▶ Data for review
lemma cdf_eq_mass: assumes "xbar_max rho < x" shows "cdf x = L"
proof (rule ccontr)
  assume "cdf x \<noteq> L"
  then have "cdf x < L" using cdf_le_mass[of x] by simp
  from order_tendstoD(1)[OF cdf_at_top this] obtain k :: nat where k: "cdf x < cdf (real k)"
    by (meson eventually_sequentially order.refl)
  then have "x < real k" using cdf_mono[of "real k" x] by (cases "x < real k") auto
  from msupp_between[OF this k] obtain c where "c \<in> msupp rho" "x \<le> c" by auto
  moreover have "c \<le> xbar_max rho"
    unfolding xbar_max_def using \<open>c \<in> msupp rho\<close> bdd_msupp by (intro cSup_upper)
  ultimately show False using assms by simp
qed

lemma elln_pos: "0 < elln L n"
  using L_pos by (simp add: elln_def)

lemma xbar_Suc_eq_Sup:
  "xbar rho L n (Suc i) =
     Sup {x. x < xbar rho L n i \<or> cdf x < cdf (xbar rho L n i) + elln L n}"
proof -
  have "(LINT y:{a..x}|lborel. rho y) < elln L n \<longleftrightarrow> x < a \<or> cdf x < cdf a + elln L n"
    for a x
    using elln_pos set_integral_Icc_eq_cdf_diff[of a x]
    by (cases "a \<le> x") (auto simp: set_lebesgue_integral_def)
  then show ?thesis by simp
qed

lemma cdf_xbar:
  assumes "i \<le> Nn n"
  shows "cdf (xbar rho L n i) = real i * elln L n" and "xbar rho L n i \<le> xbar_max rho"
proof -
  have "cdf (xbar rho L n i) = real i * elln L n \<and> xbar rho L n i \<le> xbar_max rho"
    using assms
  proof (induction i)
    case 0
    have "xbar_min rho \<le> xbar_max rho"
      unfolding xbar_min_def xbar_max_def using msupp_nonempty bdd_msupp by (intro cInf_le_cSup)
    then show ?case using cdf_eq_0[of "xbar_min rho"] by simp
  next
    case (Suc i)
    let ?a = "xbar rho L n i" and ?c = "real (Suc i) * elln L n"
    have "?c \<le> real (Nn n) * elln L n"
      using Suc.prems elln_pos[of n] by (intro mult_right_mono) auto
    also have "\<dots> = L" by (simp add: Nn_def elln_def)
    finally have "?c \<le> L" .
    then have below: "x \<le> xbar_max rho" if "cdf x < ?c" for x
      using cdf_eq_mass[of x] that by force
    have "cdf ?a \<le> ?c" "?a \<le> xbar_max rho" "?c = cdf ?a + elln L n"
      using Suc elln_pos[of n] by (simp_all add: algebra_simps)
    from continuous_Sup_level(2,3)[OF continuous_cdf this(1,2) below] this(3)
    show ?case unfolding xbar_Suc_eq_Sup by auto
  qed
  then show "cdf (xbar rho L n i) = real i * elln L n" and "xbar rho L n i \<le> xbar_max rho"
    by simp_all
qed

lemma elln_le_R_xbar_gap:
  assumes "i < Nn n"
  shows "elln L n \<le> R * (xbar rho L n (Suc i) - xbar rho L n i)"
proof -
  have cdf_gap: "cdf (xbar rho L n (Suc i)) - cdf (xbar rho L n i) = elln L n"
    using cdf_xbar(1)[of i n] cdf_xbar(1)[of "Suc i" n] assms by (simp add: algebra_simps)
  have "xbar rho L n i \<le> xbar rho L n (Suc i)"
  proof (rule ccontr)
    assume "\<not> ?thesis"
    then have "cdf (xbar rho L n (Suc i)) \<le> cdf (xbar rho L n i)" by (intro cdf_mono) simp
    with cdf_gap elln_pos[of n] show False by simp
  qed
  from cdf_diff_le[OF this] cdf_gap show ?thesis by simp
qed

lemma xbar_last_minus_first_le:
  "xbar rho L n (Nn n) - xbar rho L n 0 \<le> xbar_max rho - xbar_min rho"
  using cdf_xbar(2)[of "Nn n" n] by simp

lemma R_pos: "0 < R"
  using elln_le_R_xbar_gap[of 0 0] elln_pos[of 0] R_nonneg
  by (cases "R = 0") (auto simp: Nn_def)

end

section \<open>The follow-the-leader system\<close>

locale ftl_system =
  fixes v v' :: "real \<Rightarrow> real" and x :: "nat \<Rightarrow> real \<Rightarrow> real" and N :: nat and l R :: real
  assumes v_deriv: "\<And>r. r \<ge> 0 \<Longrightarrow> (v has_real_derivative v' r) (at r within {0..})"
    and v_decreasing: "\<And>a b. 0 \<le> a \<Longrightarrow> a < b \<Longrightarrow> v b < v a"
    and rv'_antimono: "\<And>a b. 0 \<le> a \<Longrightarrow> a \<le> b \<Longrightarrow> b * v' b \<le> a * v' a"
    and N_pos: "N \<ge> 1" and l_pos: "l > 0" and R_pos: "R > 0"
    and ordered: "\<And>t i. t \<ge> 0 \<Longrightarrow> i < N \<Longrightarrow> x i t < x (Suc i) t"
    and leader: "\<And>t. t \<ge> 0 \<Longrightarrow> (x N has_real_derivative v 0) (at t within {0..})"
    and follower: "\<And>t i. t \<ge> 0 \<Longrightarrow> i < N \<Longrightarrow>
          (x i has_real_derivative v (l / (x (Suc i) t - x i t))) (at t within {0..})"
    and initial_gap: "\<And>i. i < N \<Longrightarrow> l \<le> R * (x (Suc i) 0 - x i 0)"
begin

text \<open>
  Particle N is the leader, driving at speed v 0 = v_max.  The primed quantities are the time
  derivatives of the unprimed ones (see the lemmas \<open>*_deriv\<close> below).
\<close>

definition "gap i t = x (Suc i) t - x i t"
definition "y i t = l / gap i t"
definition "vel i t = (if i < N then v (y i t) else v 0)"
definition "gap' i t = vel (Suc i) t - vel i t"
definition "gap_rate i t = gap' i t / gap i t"
definition "y' i t = - y i t * gap_rate i t"
definition "vel' i t = (if i < N then v' (y i t) * y' i t else 0)"
definition "gap'' i t = vel' (Suc i) t - vel' i t"

lemma gap_pos: "t \<ge> 0 \<Longrightarrow> i < N \<Longrightarrow> gap i t > 0"
  using ordered by (simp add: gap_def)

lemma y_pos: "t \<ge> 0 \<Longrightarrow> i < N \<Longrightarrow> y i t > 0"
  using gap_pos l_pos by (simp add: y_def)

lemma v_antimono: "0 \<le> p \<Longrightarrow> p \<le> q \<Longrightarrow> v q \<le> v p"
  using v_decreasing[of p q] by (cases "p = q") auto

lemma v'_nonpos: assumes "0 < r" shows "v' r \<le> 0"
proof (rule ccontr)
  assume "\<not> v' r \<le> 0"
  then have "0 < v' r" by simp
  from has_real_derivative_pos_inc_right[OF v_deriv this] \<open>0 < r\<close>
  obtain e where "e > 0" and "\<And>h. h > 0 \<Longrightarrow> h < e \<Longrightarrow> v r < v (r + h)"
    by force
  then have "v r < v (r + e/2)" by simp
  moreover have "v (r + e/2) < v r" using \<open>e > 0\<close> \<open>0 < r\<close> by (intro v_decreasing) auto
  ultimately show False by simp
qed

lemma x_deriv: "t \<ge> 0 \<Longrightarrow> i \<le> N \<Longrightarrow> (x i has_real_derivative vel i t) (at t within {0..})"
  using follower leader by (cases "i = N") (auto simp: vel_def y_def gap_def)

lemma gap_deriv: "t \<ge> 0 \<Longrightarrow> i < N \<Longrightarrow> (gap i has_real_derivative gap' i t) (at t within {0..})"
  unfolding gap_def[abs_def] gap'_def by (intro DERIV_diff x_deriv) auto

lemma v_deriv_at: "r > 0 \<Longrightarrow> (v has_real_derivative v' r) (at r)"
  using v_deriv[of r] at_within_interior[of r "{0..}"] by simp

lemma y_deriv: "t \<ge> 0 \<Longrightarrow> i < N \<Longrightarrow> (y i has_real_derivative y' i t) (at t within {0..})"
  unfolding y_def[abs_def] y'_def using gap_deriv[of t i] gap_pos[of t i]
  by (auto intro!: derivative_eq_intros simp: y_def gap_rate_def power2_eq_square field_simps)

lemma vel_deriv: "t \<ge> 0 \<Longrightarrow> i \<le> N \<Longrightarrow> (vel i has_real_derivative vel' i t) (at t within {0..})"
proof (cases "i < N")
  case True
  moreover assume "t \<ge> 0"
  ultimately have "((\<lambda>t. v (y i t)) has_real_derivative v' (y i t) * y' i t) (at t within {0..})"
    by (intro DERIV_chain2[OF v_deriv_at y_deriv] y_pos)
  with True show ?thesis by (simp add: vel_def[abs_def] vel'_def)
qed (simp add: vel_def[abs_def] vel'_def)

lemma gap'_deriv: "t \<ge> 0 \<Longrightarrow> i < N \<Longrightarrow> (gap' i has_real_derivative gap'' i t) (at t within {0..})"
  unfolding gap'_def[abs_def] gap''_def by (intro DERIV_diff vel_deriv) auto

lemma vel_le_vel_Suc:
  assumes "t \<ge> 0" "i < N" and shorter: "Suc i < N \<Longrightarrow> gap i t \<le> gap (Suc i) t"
  shows "vel i t \<le> vel (Suc i) t"
proof (cases "Suc i < N")
  case True
  then have "y (Suc i) t \<le> y i t"
    unfolding y_def using shorter gap_pos[OF assms(1,2)] l_pos by (intro divide_left_mono) auto
  then show ?thesis using y_pos[OF \<open>t \<ge> 0\<close> True] True by (simp add: vel_def v_antimono)
next
  case False
  then show ?thesis using y_pos[OF assms(1,2)] assms(2) by (simp add: vel_def v_antimono)
qed

lemma gap_lower_bound: assumes "t \<ge> 0" "i < N" shows "l / R \<le> gap i t"
proof -
  have "- gap i t \<le> - (l / R)"
  proof (rule max_principle[where I = "{..<N}" and a = 0 and b = t
        and f = "\<lambda>i t. - gap i t" and D = "\<lambda>i t. - gap' i t"])
    fix j :: nat and \<tau> :: real assume "j \<in> {..<N}" "0 \<le> \<tau>"
    then show "((\<lambda>t. - gap j t) has_real_derivative - gap' j \<tau>) (at \<tau> within {0..})"
      by (intro DERIV_minus gap_deriv) auto
  next
    fix j :: nat and \<tau> :: real
    assume "j \<in> {..<N}" "0 \<le> \<tau>" and "\<forall>k\<in>{..<N}. - gap k \<tau> \<le> - gap j \<tau>"
    then show "- gap' j \<tau> \<le> 0" using vel_le_vel_Suc[of \<tau> j] by (simp add: gap'_def)
  next
    fix j assume "j \<in> {..<N}"
    then show "- gap j 0 \<le> - (l / R)"
      using initial_gap[of j] R_pos by (simp add: gap_def field_simps)
  qed (use assms in auto)
  then show ?thesis by simp
qed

▶ Aim of the exercise
Lines wanted from the listing above: the line with "t = l / gap" up to and including the line with "N \<Longrightarrow> gap i t >". Please write them out exactly, adding nothing else.

▶ Solved exercise
definition "y i t = l / gap i t"
definition "vel i t = (if i < N then v (y i t) else v 0)"
definition "gap' i t = vel (Suc i) t - vel i t"
definition "gap_rate i t = gap' i t / gap i t"
definition "y' i t = - y i t * gap_rate i t"
definition "vel' i t = (if i < N then v' (y i t) * y' i t else 0)"
definition "gap'' i t = vel' (Suc i) t - vel' i t"

lemma gap_pos: "t \<ge> 0 \<Longrightarrow> i < N \<Longrightarrow> gap i t > 0"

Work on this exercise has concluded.